• Required work
From the entries that follow, copy each line containing the word "moreover".

Start of Block

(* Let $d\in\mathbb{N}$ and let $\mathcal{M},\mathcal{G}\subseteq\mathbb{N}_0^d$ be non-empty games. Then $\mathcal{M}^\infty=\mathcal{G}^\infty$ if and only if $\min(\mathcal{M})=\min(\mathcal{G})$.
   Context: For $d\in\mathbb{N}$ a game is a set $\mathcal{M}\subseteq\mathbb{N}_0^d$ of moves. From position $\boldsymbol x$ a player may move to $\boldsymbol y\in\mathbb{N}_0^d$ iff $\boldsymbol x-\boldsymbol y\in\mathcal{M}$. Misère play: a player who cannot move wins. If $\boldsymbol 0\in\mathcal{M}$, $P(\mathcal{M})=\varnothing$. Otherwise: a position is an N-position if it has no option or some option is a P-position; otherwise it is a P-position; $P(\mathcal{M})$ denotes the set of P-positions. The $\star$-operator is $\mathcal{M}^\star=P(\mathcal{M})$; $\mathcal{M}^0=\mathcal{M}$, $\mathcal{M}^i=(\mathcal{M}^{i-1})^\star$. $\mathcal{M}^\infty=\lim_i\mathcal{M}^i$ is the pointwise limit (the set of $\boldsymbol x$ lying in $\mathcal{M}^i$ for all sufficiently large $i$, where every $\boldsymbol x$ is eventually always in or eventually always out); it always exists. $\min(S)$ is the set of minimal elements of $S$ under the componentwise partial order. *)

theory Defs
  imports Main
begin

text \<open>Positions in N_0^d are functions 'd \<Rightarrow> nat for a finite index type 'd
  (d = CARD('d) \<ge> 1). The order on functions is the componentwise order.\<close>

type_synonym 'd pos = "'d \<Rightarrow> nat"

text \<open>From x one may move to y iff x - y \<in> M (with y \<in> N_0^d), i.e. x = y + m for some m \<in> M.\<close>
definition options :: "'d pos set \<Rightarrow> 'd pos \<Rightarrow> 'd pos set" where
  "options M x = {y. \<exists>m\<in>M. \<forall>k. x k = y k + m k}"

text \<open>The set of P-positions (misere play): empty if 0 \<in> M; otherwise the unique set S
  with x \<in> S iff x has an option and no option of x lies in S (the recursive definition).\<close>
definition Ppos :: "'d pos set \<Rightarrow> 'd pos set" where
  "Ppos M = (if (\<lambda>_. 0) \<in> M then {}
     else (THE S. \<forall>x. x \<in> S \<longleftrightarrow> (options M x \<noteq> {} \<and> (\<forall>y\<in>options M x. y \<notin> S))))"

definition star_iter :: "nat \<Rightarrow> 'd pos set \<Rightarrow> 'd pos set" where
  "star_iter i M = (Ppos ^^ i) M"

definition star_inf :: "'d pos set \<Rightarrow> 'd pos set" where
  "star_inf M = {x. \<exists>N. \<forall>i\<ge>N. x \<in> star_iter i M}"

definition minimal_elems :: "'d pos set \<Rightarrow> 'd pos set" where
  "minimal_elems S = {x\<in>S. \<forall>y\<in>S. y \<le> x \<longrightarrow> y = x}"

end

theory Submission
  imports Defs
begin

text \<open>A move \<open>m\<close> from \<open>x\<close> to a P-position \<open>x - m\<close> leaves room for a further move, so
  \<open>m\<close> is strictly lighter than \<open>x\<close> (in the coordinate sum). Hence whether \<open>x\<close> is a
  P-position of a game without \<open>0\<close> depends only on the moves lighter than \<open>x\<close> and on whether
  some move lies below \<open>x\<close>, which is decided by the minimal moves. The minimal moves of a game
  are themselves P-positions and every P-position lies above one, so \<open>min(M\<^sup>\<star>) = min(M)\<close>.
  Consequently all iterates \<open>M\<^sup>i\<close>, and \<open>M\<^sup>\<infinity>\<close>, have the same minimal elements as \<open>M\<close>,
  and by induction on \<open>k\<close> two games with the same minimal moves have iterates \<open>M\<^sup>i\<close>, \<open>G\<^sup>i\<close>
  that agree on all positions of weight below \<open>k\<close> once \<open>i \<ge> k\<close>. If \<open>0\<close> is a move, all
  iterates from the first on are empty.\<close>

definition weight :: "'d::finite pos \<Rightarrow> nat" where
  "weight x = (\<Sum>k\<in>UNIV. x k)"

End of Block
Start of Block

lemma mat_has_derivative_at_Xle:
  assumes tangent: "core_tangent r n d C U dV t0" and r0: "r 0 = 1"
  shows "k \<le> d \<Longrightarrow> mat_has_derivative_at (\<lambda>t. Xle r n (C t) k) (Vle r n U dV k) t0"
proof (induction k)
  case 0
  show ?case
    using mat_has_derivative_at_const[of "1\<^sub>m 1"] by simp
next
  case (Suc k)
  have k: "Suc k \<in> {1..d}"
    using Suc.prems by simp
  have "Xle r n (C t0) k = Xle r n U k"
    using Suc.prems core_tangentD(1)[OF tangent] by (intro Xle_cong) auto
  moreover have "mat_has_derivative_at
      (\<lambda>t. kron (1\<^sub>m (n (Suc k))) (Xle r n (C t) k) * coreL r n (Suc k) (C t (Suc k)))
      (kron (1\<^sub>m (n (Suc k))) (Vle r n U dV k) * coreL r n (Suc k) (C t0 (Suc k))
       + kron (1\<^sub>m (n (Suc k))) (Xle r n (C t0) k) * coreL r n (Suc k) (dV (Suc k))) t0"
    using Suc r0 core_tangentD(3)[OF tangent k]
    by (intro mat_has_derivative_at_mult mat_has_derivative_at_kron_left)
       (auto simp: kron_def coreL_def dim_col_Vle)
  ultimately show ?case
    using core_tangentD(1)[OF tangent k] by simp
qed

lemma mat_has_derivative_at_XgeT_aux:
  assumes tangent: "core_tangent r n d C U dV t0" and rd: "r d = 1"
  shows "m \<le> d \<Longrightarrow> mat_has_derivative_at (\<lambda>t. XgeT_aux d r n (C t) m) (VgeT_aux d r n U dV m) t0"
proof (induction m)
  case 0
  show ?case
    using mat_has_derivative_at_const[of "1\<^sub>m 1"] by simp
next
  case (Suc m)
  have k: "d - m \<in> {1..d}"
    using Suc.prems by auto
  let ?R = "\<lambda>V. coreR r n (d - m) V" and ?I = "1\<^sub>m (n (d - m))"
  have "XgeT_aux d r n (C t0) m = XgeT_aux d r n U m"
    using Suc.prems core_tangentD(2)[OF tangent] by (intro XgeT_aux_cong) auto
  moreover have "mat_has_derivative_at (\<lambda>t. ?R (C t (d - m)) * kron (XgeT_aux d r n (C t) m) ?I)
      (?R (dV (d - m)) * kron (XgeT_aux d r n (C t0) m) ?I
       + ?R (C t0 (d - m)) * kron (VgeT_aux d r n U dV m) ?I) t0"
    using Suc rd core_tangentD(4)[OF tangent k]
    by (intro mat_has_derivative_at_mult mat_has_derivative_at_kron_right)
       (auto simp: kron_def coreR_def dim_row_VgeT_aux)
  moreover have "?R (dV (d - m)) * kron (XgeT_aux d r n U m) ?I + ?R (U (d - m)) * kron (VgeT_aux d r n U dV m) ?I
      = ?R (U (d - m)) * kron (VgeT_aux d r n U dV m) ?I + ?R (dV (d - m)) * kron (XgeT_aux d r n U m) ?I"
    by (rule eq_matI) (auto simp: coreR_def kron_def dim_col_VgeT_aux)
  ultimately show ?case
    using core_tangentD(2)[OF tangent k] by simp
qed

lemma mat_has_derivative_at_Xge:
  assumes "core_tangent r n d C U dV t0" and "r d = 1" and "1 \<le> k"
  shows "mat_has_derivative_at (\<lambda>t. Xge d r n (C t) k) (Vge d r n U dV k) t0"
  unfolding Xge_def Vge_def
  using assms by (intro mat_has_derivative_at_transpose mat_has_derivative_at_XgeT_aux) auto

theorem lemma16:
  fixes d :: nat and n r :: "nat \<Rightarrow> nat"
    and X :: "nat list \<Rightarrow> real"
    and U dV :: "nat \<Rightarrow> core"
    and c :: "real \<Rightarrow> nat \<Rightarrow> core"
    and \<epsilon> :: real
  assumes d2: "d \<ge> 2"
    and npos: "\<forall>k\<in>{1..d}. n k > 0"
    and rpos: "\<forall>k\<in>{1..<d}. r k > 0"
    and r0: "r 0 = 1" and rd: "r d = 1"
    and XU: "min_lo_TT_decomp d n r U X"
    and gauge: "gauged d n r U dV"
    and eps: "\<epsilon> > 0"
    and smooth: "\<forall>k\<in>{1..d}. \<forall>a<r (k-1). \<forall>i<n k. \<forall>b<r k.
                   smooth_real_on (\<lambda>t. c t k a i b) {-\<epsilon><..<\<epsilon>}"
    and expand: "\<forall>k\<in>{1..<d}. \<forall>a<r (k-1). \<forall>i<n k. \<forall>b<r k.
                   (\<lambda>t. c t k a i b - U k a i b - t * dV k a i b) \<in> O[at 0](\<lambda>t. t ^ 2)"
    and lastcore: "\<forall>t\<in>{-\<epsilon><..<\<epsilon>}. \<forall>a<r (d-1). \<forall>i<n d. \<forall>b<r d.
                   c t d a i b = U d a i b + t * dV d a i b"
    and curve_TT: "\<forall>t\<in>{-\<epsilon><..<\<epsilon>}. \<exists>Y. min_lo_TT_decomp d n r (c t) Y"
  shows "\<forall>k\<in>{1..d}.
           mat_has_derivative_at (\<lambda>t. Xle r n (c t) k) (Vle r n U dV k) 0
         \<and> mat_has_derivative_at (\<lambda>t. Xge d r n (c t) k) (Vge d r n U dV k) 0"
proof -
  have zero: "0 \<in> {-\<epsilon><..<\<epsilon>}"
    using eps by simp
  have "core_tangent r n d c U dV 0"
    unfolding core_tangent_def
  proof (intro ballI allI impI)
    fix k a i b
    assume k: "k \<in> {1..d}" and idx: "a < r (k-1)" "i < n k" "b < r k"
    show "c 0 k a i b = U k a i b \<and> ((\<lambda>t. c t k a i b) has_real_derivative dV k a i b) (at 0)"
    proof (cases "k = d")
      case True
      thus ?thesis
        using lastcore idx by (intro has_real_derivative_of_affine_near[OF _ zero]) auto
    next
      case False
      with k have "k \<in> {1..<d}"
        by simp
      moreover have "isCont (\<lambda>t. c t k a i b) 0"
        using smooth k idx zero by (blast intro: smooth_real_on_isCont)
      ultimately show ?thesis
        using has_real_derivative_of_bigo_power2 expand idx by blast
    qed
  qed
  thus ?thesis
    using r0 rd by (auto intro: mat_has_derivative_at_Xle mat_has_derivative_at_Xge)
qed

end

End of Block

• Response to the exercise
  moreover have "mat_has_derivative_at
  moreover have "mat_has_derivative_at (\<lambda>t. ?R (C t (d - m)) * kron (XgeT_aux d r n (C t) m) ?I)
  moreover have "?R (dV (d - m)) * kron (XgeT_aux d r n U m) ?I + ?R (U (d - m)) * kron (VgeT_aux d r n U dV m) ?I
      moreover have "isCont (\<lambda>t. c t k a i b) 0"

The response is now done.